How do you go on? I lost my mom July 17th, 2012. To a heart attack. She was in great health walked everyday. She made the 911 call but they didn't get to her in time. I just don't know how to go on without her. I had to come back to work and they just don't understand. I am trying to go thru the motions of doing my job but all I want to do is cry.
I am so sorry for your loss I lost my dad aug of 2010 and even though he had cancer and was for the best i lost my youngest son in november the same year how i wish my dad was here to help me he lost my 2 sisters when they were in their teens and I know he would be able to help me when times get unbearabe
My Mom passed away at age 71 from lung cancer on April 8, 2012 (Easter morning) It still feels so surreal and I can't stop thinking about her and crying all the time. I was her caregiver for the 6 months before she passed and we were all there when she suddenly passed away in front of us. She was in palliative care for only 3 days... it is so unbelievable!!

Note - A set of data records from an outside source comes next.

lemma downset_interpolation:
  assumes X: "compact_space X" "Hausdorff_space X" "T2_preordered X le"
    and K: "closedin X K" "downset X le K" and W: "openin X W" "downset X le W" and "K \<subseteq> W"
  obtains V L where "openin X V" "downset X le V" "closedin X L" "downset X le L"
    "K \<subseteq> V" "V \<subseteq> L" "L \<subseteq> W"
proof -
  have pre: "preorder_on_space X le" and graph: "closedin (prod_topology X X) (rel_graph X le)"
    using X(3) by (auto simp: T2_preordered_def)
  have "normal_space X"
    using X compact_Hausdorff_or_regular_imp_normal_space by blast
  moreover have "disjnt K (topspace X - W)"
    using \<open>K \<subseteq> W\<close> by (auto simp: disjnt_def)
  ultimately obtain O1 O2 where O: "openin X O1" "openin X O2" "K \<subseteq> O1" "topspace X - W \<subseteq> O2"
    "disjnt O1 O2"
    using K(1) W(1) unfolding normal_space_def by (metis closedin_diff closedin_topspace)
  define V where "V = topspace X - up_closure X le (topspace X - O1)"
  define L where "L = down_closure X le (topspace X - O2)"
  show thesis
  proof
    show "openin X V"
      unfolding V_def using O(1) by (intro openin_diff closedin_up_closure[OF X(1) graph]) auto
    show "downset X le V"
      unfolding V_def by (simp add: downset_Diff_up_closure[OF pre])
    show "closedin X L"
      unfolding L_def using O(2) by (intro closedin_down_closure[OF X(1) graph]) auto
    show "downset X le L"
      unfolding L_def by (simp add: downset_down_closure[OF pre])
    show "K \<subseteq> V"
      using K(2) O(3) by (auto simp: V_def up_closure_def downset_def)
    show "V \<subseteq> L"
      using O(5) pre unfolding V_def L_def up_closure_def down_closure_def disjnt_def
        preorder_on_space_def by blast
    show "L \<subseteq> W"
      using W(2) O(4) unfolding L_def down_closure_def downset_def by blast
  qed
qed

lemma dyadic_downset_family:
  assumes X: "compact_space X" "Hausdorff_space X" "T2_preordered X le"
    and K: "closedin X K" "downset X le K" and W: "openin X W" "downset X le W" and "K \<subseteq> W"
  obtains G :: "real \<Rightarrow> 'a set"
  where "\<And>r. r \<in> dyadics \<inter> {0..1} \<Longrightarrow> openin X (G r) \<and> downset X le (G r)"
    "\<And>r s. \<lbrakk>r \<in> dyadics \<inter> {0..1}; s \<in> dyadics \<inter> {0..1}; r < s\<rbrakk> \<Longrightarrow> X closure_of G r \<subseteq> G s"
    "K \<subseteq> G 0" "G 1 = W"
proof -
  text \<open>By \<open>downset_interpolation\<close> the relation \<open>R\<close> is dense, as the dyadic recursion requires.\<close>
  define R where "R A B \<longleftrightarrow> openin X A \<and> downset X le A \<and> openin X B \<and> downset X le B \<and>
      (\<exists>L. closedin X L \<and> downset X le L \<and> A \<subseteq> L \<and> L \<subseteq> B)" for A B
  obtain V L where "openin X V" "downset X le V" "closedin X L" "downset X le L"
    "K \<subseteq> V" "V \<subseteq> L" "L \<subseteq> W"
    using downset_interpolation[OF X K W \<open>K \<subseteq> W\<close>] .
  then have "R V W"
    using W unfolding R_def by blast
  moreover have "\<exists>C. R A C \<and> R C B" if "R A B" for A B
  proof -
    from that obtain L where AB: "openin X A" "downset X le A" "openin X B" "downset X le B"
      and L: "closedin X L" "downset X le L" "A \<subseteq> L" "L \<subseteq> B"
      by (auto simp: R_def)
    obtain C L' where "openin X C" "downset X le C" "closedin X L'" "downset X le L'"
      "L \<subseteq> C" "C \<subseteq> L'" "L' \<subseteq> B"
      using downset_interpolation[OF X L(1,2) AB(3,4) L(4)] .
    with AB L have "R A C" "R C B"
      unfolding R_def by blast+
    then show ?thesis
      by blast
  qed
  moreover have "R A C" if "R A B" "R B C" for A B C
    using that unfolding R_def by blast
  ultimately have "\<exists>G :: real \<Rightarrow> 'a set. G 0 = V \<and> G 1 = W \<and>
      (\<forall>r \<in> dyadics \<inter> {0..1}. \<forall>s \<in> dyadics \<inter> {0..1}. r < s \<longrightarrow> R (G r) (G s))"
    by (rule recursion_on_dyadic_fractions)
  then obtain G :: "real \<Rightarrow> 'a set" where G0: "G 0 = V" and G1: "G 1 = W"
    and GR: "\<forall>r \<in> dyadics \<inter> {0..1}. \<forall>s \<in> dyadics \<inter> {0..1}. r < s \<longrightarrow> R (G r) (G s)"
    by blast
  have one: "1 \<in> dyadics \<inter> {0..1::real}"
    by (auto simp: dyadics_def)
  show thesis
  proof
    show "openin X (G r) \<and> downset X le (G r)" if "r \<in> dyadics \<inter> {0..1}" for r
    proof (cases "r = 1")
      case True
      then show ?thesis
        using G1 W by simp
    next
      case False
      then show ?thesis
        using GR[rule_format, of r 1] that one by (auto simp: R_def)
    qed
    show "X closure_of G r \<subseteq> G s"
      if "r \<in> dyadics \<inter> {0..1}" "s \<in> dyadics \<inter> {0..1}" "r < s" for r s
      using GR[rule_format, OF that] unfolding R_def by (meson closure_of_minimal subset_trans)
    show "K \<subseteq> G 0" "G 1 = W"
      using \<open>K \<subseteq> V\<close> G0 G1 by simp_all
  qed
qed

My mom passed away July 12 2012, so 12 days ago. She decided to stop fighting her very long fight with liver disease. I cared for my mom for years off & on, liver disease is that way. I miss her so much that Im shocked at how mucg. I thought I was preparing myself all these months. But, I was dis appointed because I wasn't there at her last breath. I stayed overnight at the nursing home with her, untill 4am, went home called the family in from out of state. Got a couple of hours of rest & was on my way back when they called and said she had passed. I am so angry that I missed it, I promised her I would be there. I feel out-of-control, I have no tolerence, I am so upset all of the time. I knew I was going to grieve but this is NOT what I expected. I can't hardly stand to be home & if I am I want to be sleeping. My laughs/smiles feel fake. But I think the worst part is that her needs took up so much of my time, that now IDK what to do. I hope this gets better soon, cause I have a husband and 2 boys who need me back :-(
Theresa. I'm here anytime you need me.
Peggy Thanks so, so much for your sweet kind words...they do help me..
Be good to yourself.
Theresa, I am so sorry for your loss. It is so hard loosing a parent, a mom especially. Denial, anger, and guilt are all things we all go through. I'm sure your mom understands you had a life that you had to live just as she did hers. The longing never really goes away but it will get a little easier as time goes by. Both of my parents are
gone and you never really fill that hole left without them. I'm getting through it by leaning on my son and trying to remember the good memories. You're in my heart and in my prayers.
Susan and Elizabeth,
My mom Vicky passed away on December 24, 2010... I work as a teacher..I am still in denial...I feel I wasn't there for her on so many levels...because of my refusal to let it be real. I long for her..to hug her..to tell her why wasn't I there enough for you...what the heck was wrong with me.